## Task:
Start at the line in the entries below that contains "j) = neg_trunc", stop at the line that contains "using assms(2,3) by", and output exactly the lines in that span, both ends included.

## Data extracts:
lemma smulO_psiO_eq_neg_trunc:
  assumes "N \<le> L"
  shows "smulO w (w ^ i) (psiO w x) N = (- (w ^ i * (neg_trunc w x L div w))) mod w ^ N"
proof -
  have "w ^ Suc N dvd x (Suc N) + neg_trunc w x L" using assms by (intro neg_trunc_dvd) simp
  then have "w ^ Suc N dvd - (x (Suc N) + neg_trunc w x L)" by (simp only: dvd_minus_iff)
  then have "(- x (Suc N)) mod (w * w ^ N) = neg_trunc w x L mod (w * w ^ N)"
    by (simp add: mod_eq_dvd_iff algebra_simps)
  then have "(- x (Suc N)) div w mod w ^ N = neg_trunc w x L div w mod w ^ N"
    by (simp only: mod_base_pow_div_base[symmetric])
  then have "psiO w x N = (- (neg_trunc w x L div w)) mod w ^ N"
    unfolding psiO_eq[OF x] by (metis mod_minus_eq)
  then show ?thesis unfolding smulO_def by (simp add: mod_mult_right_eq)
qed

lemma periodic_expansion_neg_trunc:
  assumes "1 \<le> K" "i \<le> K" and "N \<le> K + L + 1"
  shows "periodic_expansion w (K + L + 1) ((w ^ i * neg_trunc w x L) mod (w ^ (K + L + 1) - 1)) N
    = (- (w ^ i * neg_trunc w x L)) mod w ^ N"
proof -
  have "(w ^ i * neg_trunc w x L) mod (w ^ (K + L + 1) - 1) = w ^ i * neg_trunc w x L"
    by (rule mult_pow_reduced[OF neg_trunc_reduced]) (use assms in auto)
  then show ?thesis using periodic_expansion_low[OF assms(3)] by simp
qed

lemma periodic_expansion_neg_trunc_div:
  assumes "1 \<le> K" "i \<le> K" and "N \<le> K + L"
  shows "periodic_expansion w (K + L) ((w ^ i * (neg_trunc w x L div w)) mod (w ^ (K + L) - 1)) N
    = (- (w ^ i * (neg_trunc w x L div w))) mod w ^ N"
proof -
  have "(w ^ i * (neg_trunc w x L div w)) mod (w ^ (K + L) - 1) = w ^ i * (neg_trunc w x L div w)"
    by (rule mult_pow_reduced[OF neg_trunc_div_reduced]) (use assms in auto)
  then show ?thesis using periodic_expansion_low[OF assms(3)] by simp
qed

lemma periodic_expansion_neg_trunc_rotated:
  assumes "1 \<le> K" "1 \<le> j" "j \<le> L" and "N \<le> K"
  shows "periodic_expansion w (K + L + 1) ((w ^ (K + j) * neg_trunc w x L) mod (w ^ (K + L + 1) - 1)) N
    = (- (neg_trunc w x L div w ^ (L + 1 - j))) mod w ^ N"
proof -
  let ?m = "neg_trunc w x L"
  have "?m mod w ^ ((L + 1 - j) + j) = ?m" using neg_trunc_reduced assms by simp
  from mult_pow_mod_rotate[OF this, of "K + j"] assms
  have "(w ^ (K + j) * ?m) mod (w ^ (K + L + 1) - 1)
      = ?m div w ^ (L + 1 - j) + w ^ (K + j) * (?m mod w ^ (L + 1 - j))"
    by (simp add: algebra_simps)
  then show ?thesis
    using periodic_expansion_low[of N "K + L + 1"] neg_plus_pow_mod_low[of N "K + j"] assms by simp
qed

lemma periodic_expansion_neg_trunc_div_rotated:
  assumes "1 \<le> K" "1 \<le> j" "j \<le> L" and "N \<le> K"
  shows "periodic_expansion w (K + L) ((w ^ (K + j) * (neg_trunc w x L div w)) mod (w ^ (K + L) - 1)) N
    = (- (neg_trunc w x L div w ^ (L + 1 - j))) mod w ^ N"
proof -
  let ?e = "neg_trunc w x L div w"
  have "?e mod w ^ ((L - j) + j) = ?e" using neg_trunc_div_reduced assms by simp
  from mult_pow_mod_rotate[OF this, of "K + j"] assms
  have "(w ^ (K + j) * ?e) mod (w ^ (K + L) - 1) = ?e div w ^ (L - j) + w ^ (K + j) * (?e mod w ^ (L - j))"
    by (simp add: algebra_simps)
  moreover have "?e div w ^ (L - j) = neg_trunc w x L div w ^ (L + 1 - j)"
    using div_mult_pow[of "neg_trunc w x L" 1 "L - j"] assms by (simp add: Suc_diff_le)
  ultimately show ?thesis
    using periodic_expansion_low[of N "K + L"] neg_plus_pow_mod_low[of N "K + j"] assms by simp
qed

end

end

section \<open>The components \<open>\<int>\<close> and \<open>F\<^sub>q[\<theta>]\<close>\<close>

lemma int_reduced_iff:
  fixes a m :: int
  assumes "0 < m"
  shows "a mod m = a \<longleftrightarrow> 0 \<le> a \<and> a < m"
  using assms by (metis mod_pos_pos_trivial pos_mod_bound pos_mod_sign)

lemma int_pow_minus_one_pos:
  fixes w :: int
  assumes "2 \<le> w" "1 \<le> n"
  shows "0 < w ^ n - 1"
proof -
  have "w ^ 1 \<le> w ^ n" using assms by (intro power_increasing) auto
  then show ?thesis using assms by simp
qed

lemma int_concat_reduced:
  fixes w hi lo :: int
  assumes w: "2 \<le> w" and "hi mod w ^ j = hi" "lo mod w ^ s = lo" "j < u"
  shows "(hi + w ^ u * lo) mod (w ^ (u + s) - 1) = hi + w ^ u * lo"
proof -
  have pow_pos: "0 < w ^ k" for k using w by simp
  have hi: "0 \<le> hi" "hi < w ^ j" and lo: "0 \<le> lo" "lo \<le> w ^ s - 1"
    using assms(2,3) by (simp_all add: int_reduced_iff[OF pow_pos])
  have "w ^ j < w ^ u" using \<open>j < u\<close> w by (simp add: power_strict_increasing)
  moreover have "w ^ u * lo \<le> w ^ u * (w ^ s - 1)" using lo pow_pos by simp
  ultimately have "hi + w ^ u * lo < w ^ (u + s) - 1"
    using hi by (simp add: algebra_simps power_add)
  moreover have "0 \<le> hi + w ^ u * lo"
    using hi lo pow_pos[of u] by (intro add_nonneg_nonneg mult_nonneg_nonneg) simp_all
  ultimately show ?thesis by simp
qed

lemma int_carry_reduced:
  fixes w r r' c :: int
  assumes w: "2 \<le> w" and n: "1 \<le> n" and "r mod (w ^ n - 1) = r" "r' mod (w ^ n - 1) = r'"
    and c: "w * r - r' = c * (w ^ n - 1)"
  shows "c mod w = c"
proof -
  note D_pos = int_pow_minus_one_pos[OF w n]
  have r: "0 \<le> r" "r < w ^ n - 1" and r': "0 \<le> r'" "r' < w ^ n - 1"
    using assms(3,4) by (simp_all add: int_reduced_iff[OF D_pos])
  have "0 \<le> w * r" using r w by simp
  then have "0 < (c + 1) * (w ^ n - 1)" using c r' by (simp add: algebra_simps)
  then have "0 \<le> c" using D_pos zero_less_mult_pos2 by fastforce
  moreover have "w * r < w * (w ^ n - 1)" using r w by simp
  then have "0 < (w - c) * (w ^ n - 1)" using c r' by (simp add: algebra_simps)
  then have "c < w" using D_pos zero_less_mult_pos2 by fastforce
  ultimately show ?thesis by simp
qed

lemma adic_base_int:
  fixes w :: int
  assumes w: "2 \<le> w"
  shows "adic_base w"
proof
  show "w \<noteq> 0" using w by simp
  fix a :: int and i j :: nat
  show "a div (w ^ i * w ^ j) = a div w ^ i div w ^ j" using w by (simp add: zdiv_zmult2_eq)
  show "a mod (w ^ i * w ^ j) = w ^ i * (a div w ^ i mod w ^ j) + a mod w ^ i"
    using w by (simp add: zmod_zmult2_eq)
next
  fix N
  have "{a. a mod w ^ N = a} \<subseteq> {0..<w ^ N}" using w by (auto simp: int_reduced_iff)
  then show "finite {a. a mod w ^ N = a}" by (rule finite_subset) simp
qed (use int_concat_reduced int_carry_reduced w in blast)+

lemma degree_pow_minus_one:
  fixes w :: "'f::field poly"
  assumes "1 \<le> degree w" "1 \<le> k"
  shows "degree (w ^ k - 1) = k * degree w"
proof -
  have "w \<noteq> 0" using assms(1) by auto
  then have "degree (w ^ k) = k * degree w" by (rule degree_power_eq)
  moreover have "degree (w ^ k + - 1) = degree (w ^ k)"
    by (rule degree_add_eq_left) (use calculation assms in simp)
  ultimately show ?thesis by simp
qed

lemma poly_reduced_degree:
  fixes a m :: "'f::field poly"
  assumes "a mod m = a" "m \<noteq> 0"
  shows "a = 0 \<or> degree a < degree m"
  using assms by (metis degree_mod_less')

lemma poly_reduced_degree_less:
  fixes a w :: "'f::field poly"
  assumes "a mod (w ^ n - 1) = a" "1 \<le> degree w" "1 \<le> n"
  shows "degree a < degree (w ^ n - 1)"
proof -
  have "1 \<le> degree (w ^ n - 1)" using degree_pow_minus_one[OF assms(2,3)] assms(2,3) by simp
  then show ?thesis using poly_reduced_degree[OF assms(1)] by fastforce
qed

lemma finite_degree_le: "finite {p :: 'f::{field,finite} poly. degree p \<le> d}"
proof -
  have "coeffs ` {p :: 'f poly. degree p \<le> d} \<subseteq> {xs. set xs \<subseteq> UNIV \<and> length xs \<le> Suc d}"
  proof clarsimp
    fix p :: "'f poly" assume "degree p \<le> d"
    then show "length (coeffs p) \<le> Suc d" by (cases "p = 0") (simp_all add: length_coeffs_degree)
  qed
  then have "finite (coeffs ` {p :: 'f poly. degree p \<le> d})"
    by (rule finite_subset) (rule finite_lists_length_le, simp)
  then show ?thesis by (rule finite_imageD) (simp add: inj_on_def coeffs_eq_iff)
qed

lemma poly_reduced_pow_degree:
  fixes a w :: "'f::field poly"
  assumes "a mod w ^ k = a" "1 \<le> degree w" "a \<noteq> 0"
  shows "degree a < k * degree w"
proof -
  have "w \<noteq> 0" using assms(2) by auto
  then show ?thesis using poly_reduced_degree[OF assms(1)] assms(3) by (simp add: degree_power_eq)
qed

lemma poly_concat_reduced:
  fixes w hi lo :: "'f::field poly"
  assumes dw: "1 \<le> degree w" and h: "hi mod w ^ j = hi" and l: "lo mod w ^ s = lo" and "j < u"
  shows "(hi + w ^ u * lo) mod (w ^ (u + s) - 1) = hi + w ^ u * lo"
proof -
  have w0: "w \<noteq> 0" using dw by auto
  have "degree hi < (u + s) * degree w"
  proof (cases "hi = 0")
    case False
    then have "degree hi < j * degree w" by (rule poly_reduced_pow_degree[OF h dw])
    also have "\<dots> \<le> (u + s) * degree w" using \<open>j < u\<close> by simp
    finally show ?thesis .
  qed (use dw \<open>j < u\<close> in simp)
  moreover have "degree (w ^ u * lo) < (u + s) * degree w"
  proof (cases "lo = 0")
    case False
    then have "degree lo < s * degree w" by (rule poly_reduced_pow_degree[OF l dw])
    then show ?thesis using False w0 by (simp add: degree_mult_eq degree_power_eq algebra_simps)
  qed (use dw \<open>j < u\<close> in simp)
  ultimately have "degree (hi + w ^ u * lo) < degree (w ^ (u + s) - 1)"
    using degree_add_le_max[of hi "w ^ u * lo"] degree_pow_minus_one[OF dw] \<open>j < u\<close> by simp
  then show ?thesis by (rule mod_poly_less)
qed

lemma poly_carry_reduced:
  fixes w r r' c :: "'f::field poly"
  assumes dw: "1 \<le> degree w" and n: "1 \<le> n"
    and r: "r mod (w ^ n - 1) = r" and r': "r' mod (w ^ n - 1) = r'"
    and c: "w * r - r' = c * (w ^ n - 1)"
  shows "c mod w = c"
proof (cases "c = 0")
  case False
  have w0: "w \<noteq> 0" using dw by auto
  have dD: "degree (w ^ n - 1) = n * degree w" by (rule degree_pow_minus_one[OF dw n])
  then have D0: "w ^ n - 1 \<noteq> 0" using n dw by (metis degree_0 mult_is_0 not_one_le_zero)
  have small: "degree p < n * degree w" if "p mod (w ^ n - 1) = p" "p \<noteq> 0" for p
    using poly_reduced_degree[OF that(1) D0] that(2) dD by simp
  have "degree (w * r) < degree w + n * degree w"
    using small[OF r] w0 dw by (cases "r = 0") (simp_all add: degree_mult_eq)
  moreover have "degree r' < degree w + n * degree w"
    using small[OF r'] dw n by (cases "r' = 0") simp_all
  ultimately have "degree (c * (w ^ n - 1)) < degree w + n * degree w"
    unfolding c[symmetric] using degree_diff_le_max[of "w * r" r'] by simp
  then have "degree c < degree w" using False D0 dD by (simp add: degree_mult_eq)
  then show ?thesis by (rule mod_poly_less)
qed simp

## The completed task:
  moreover have "?e div w ^ (L - j) = neg_trunc w x L div w ^ (L + 1 - j)"
    using div_mult_pow[of "neg_trunc w x L" 1 "L - j"] assms by (simp add: Suc_diff_le)
  ultimately show ?thesis
    using periodic_expansion_low[of N "K + L"] neg_plus_pow_mod_low[of N "K + j"] assms by simp
qed

end

end

section \<open>The components \<open>\<int>\<close> and \<open>F\<^sub>q[\<theta>]\<close>\<close>

lemma int_reduced_iff:
  fixes a m :: int
  assumes "0 < m"
  shows "a mod m = a \<longleftrightarrow> 0 \<le> a \<and> a < m"
  using assms by (metis mod_pos_pos_trivial pos_mod_bound pos_mod_sign)

lemma int_pow_minus_one_pos:
  fixes w :: int
  assumes "2 \<le> w" "1 \<le> n"
  shows "0 < w ^ n - 1"
proof -
  have "w ^ 1 \<le> w ^ n" using assms by (intro power_increasing) auto
  then show ?thesis using assms by simp
qed

lemma int_concat_reduced:
  fixes w hi lo :: int
  assumes w: "2 \<le> w" and "hi mod w ^ j = hi" "lo mod w ^ s = lo" "j < u"
  shows "(hi + w ^ u * lo) mod (w ^ (u + s) - 1) = hi + w ^ u * lo"
proof -
  have pow_pos: "0 < w ^ k" for k using w by simp
  have hi: "0 \<le> hi" "hi < w ^ j" and lo: "0 \<le> lo" "lo \<le> w ^ s - 1"
    using assms(2,3) by (simp_all add: int_reduced_iff[OF pow_pos])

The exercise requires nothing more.